# Heritage RedFish 14 Kayak



## Loki (Sep 26, 2010)

I may have the chance to get a Heritage RedFish 14 Kayak "not the angler model" for right at $400. The boat is in very good shape and has not seen water for a couple years so the guy wants to be rid of it. The boat has an Anchor Buddy and one ram mount in front center and comes with a paddle. what do yall think? i have never paddled a kayak before, am 54yo and 240lb.
Is this a good boat for me and if I don't like yak fishing will I be able to get my money back out of it?

Thanks guys


----------



## bronzbck1 (Jun 13, 2007)

Heck buy it and if you don't like it sell it for 500, that is a good deal.

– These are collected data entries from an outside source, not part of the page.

text \<open>
  If the Brownian path oscillates by at most b on [i, i+1], the equation X = W - \<alpha> \<integral>X makes
  exp(\<alpha> s) (\<plusminus>(X s - W s + W i) - b) nonincreasing on [i, i+1], whence
  |X (i+1)| \<le> 2b + exp(-\<alpha>) |X i|; iterating, |X| stays below C b up to time N, with
  C = 2 + 2/(1 - exp(-\<alpha>)). By dyadic chaining the oscillation on [i, i+1] exceeds b only if
  some dyadic increment of level n exceeds b/4 (3/4)^n, which by the Gaussian tail and a
  union bound has probability at most 4 exp(-b^2/32). For b = \<surd>(ln t) / (2 C \<delta>) this is
  4 t^(-r) with r = 1/(128 C^2 \<delta>^2), which beats the \<lceil>t\<rceil> unit intervals once \<delta> is small.
\<close>

subsection \<open>Gaussian tails\<close>

lemma normal_density_mult_exp:
  assumes "\<sigma> > 0"
  shows "normal_density 0 \<sigma> y * exp (l * y) = exp (l\<^sup>2 * \<sigma>\<^sup>2 / 2) * normal_density (l * \<sigma>\<^sup>2) \<sigma> y"
proof -
  have exponent: "- (y - 0)\<^sup>2 / (2 * \<sigma>\<^sup>2) + l * y = l\<^sup>2 * \<sigma>\<^sup>2 / 2 + - (y - l * \<sigma>\<^sup>2)\<^sup>2 / (2 * \<sigma>\<^sup>2)"
    using assms by (simp add: power2_eq_square field_simps)
  let ?k = "1 / sqrt (2 * pi * \<sigma>\<^sup>2)"
  have "normal_density 0 \<sigma> y * exp (l * y) = ?k * exp (- (y - 0)\<^sup>2 / (2 * \<sigma>\<^sup>2) + l * y)"
    unfolding normal_density_def exp_add by simp
  also have "\<dots> = exp (l\<^sup>2 * \<sigma>\<^sup>2 / 2) * normal_density (l * \<sigma>\<^sup>2) \<sigma> y"
    unfolding exponent normal_density_def exp_add by simp
  finally show ?thesis .
qed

I've never been in one but know people that have them and haven't heard any complaints.


----------



## surfnsam (Apr 28, 2008)

very good deal, i had a redfish before i bought a hobie. stable and comfortable all around good kayak.


----------



## FlatsManiac (Apr 14, 2009)

I would grab it thats a good deal.


----------



## Loki (Sep 26, 2010)

Well guys I pulled the trigger, picture in my profile. 
Yall have created a kayakquestionaholic, you know not what you have done I fear.

Thanks guys


----------



## bbcroaker (Jan 6, 2005)

Congratulations nice ride! Saw it on your profile.
I have a Little Red (10ft) for the creeks 

Don't know if you are planning on taking it out now and don't know how much paddling time you have but t he water temps are still pretty low to where one needs to wear dry gear and have experience and it is also recommended to paddle with another person at all times and especially at this cold water times.
Most commonly dry gear worn around here is chest waders with belt and dry top and layers of clothes under that such as polyester and fleece that don't absorb water and are quick drying.
Also one should practice self rescue until you have confidence that you can upright your yak if you turtle and get back in it in minimal amount of time in cold water.
When I started kayaking someone told me it's not a mater of if you turtle but when! 
I see that you live in the Chester. I was over that way at Lowes today and had my little Refish in the back of the truck and was planning on heading over to Pocahontas Park and fish a couple of hours but didn't make it. 
Welcome to fishyaking you'll never go back! Paddle smart and safe you grandson will appreciate it!


----------



## AbuMike (Sep 3, 2007)

nice looking boat. congrats...


----------



## Loki (Sep 26, 2010)

Thanks bbcroaker
I have canoed for over 40 years but never even sat in a kayak 
before, I have much to learn. I won't take things to fast, probably 
gunna put the yak in my parents pond first to get a feel for it. I agree fully
with you in practicing self rescue, I have spent hours practiceing self rescue 
on swift creek res. I went as far as takeing my two kids to the S.C.R . and 
makeing them get out of the canoe in water they though was much deeper 
than it acually was and not letting them do upper james trips with me untill 
they could get back in the boat without my help. I was'nt a totle butt head, 
I did'nt make them empty a swampted boat for a couple years  I do love fishing 
Pocahontas, havent done it for a few years though. I wanna catch some Snakeheads.
Maybe once I have spent a few days getting to know the new ride and the water warms a 
bit we can hook up and paddle some, I do love the upper james.


----------



## Loki (Sep 26, 2010)

Thanks Mike
I havent done much Sound fishing yet, I just hope NPS dos'nt find out 
I plan on trying it near Buxton.


----------



## AbuMike (Sep 3, 2007)

Loki said:


> Thanks Mike
> I havent done much Sound fishing yet, I just hope NPS dos'nt find out
> I plan on trying it near Buxton.


been thinking that very thing. gonna have me one before too long


----------



## Loki (Sep 26, 2010)

Dude, we gunna look funny sittin in Kayaks in the field behind the school casting


----------



## smlobx (Jul 3, 2009)

If you come down to Buxton be sure to try the sound side. Very productive.

Get in touch with JAM (out of Hatteras) and he can show you the ropes.


----------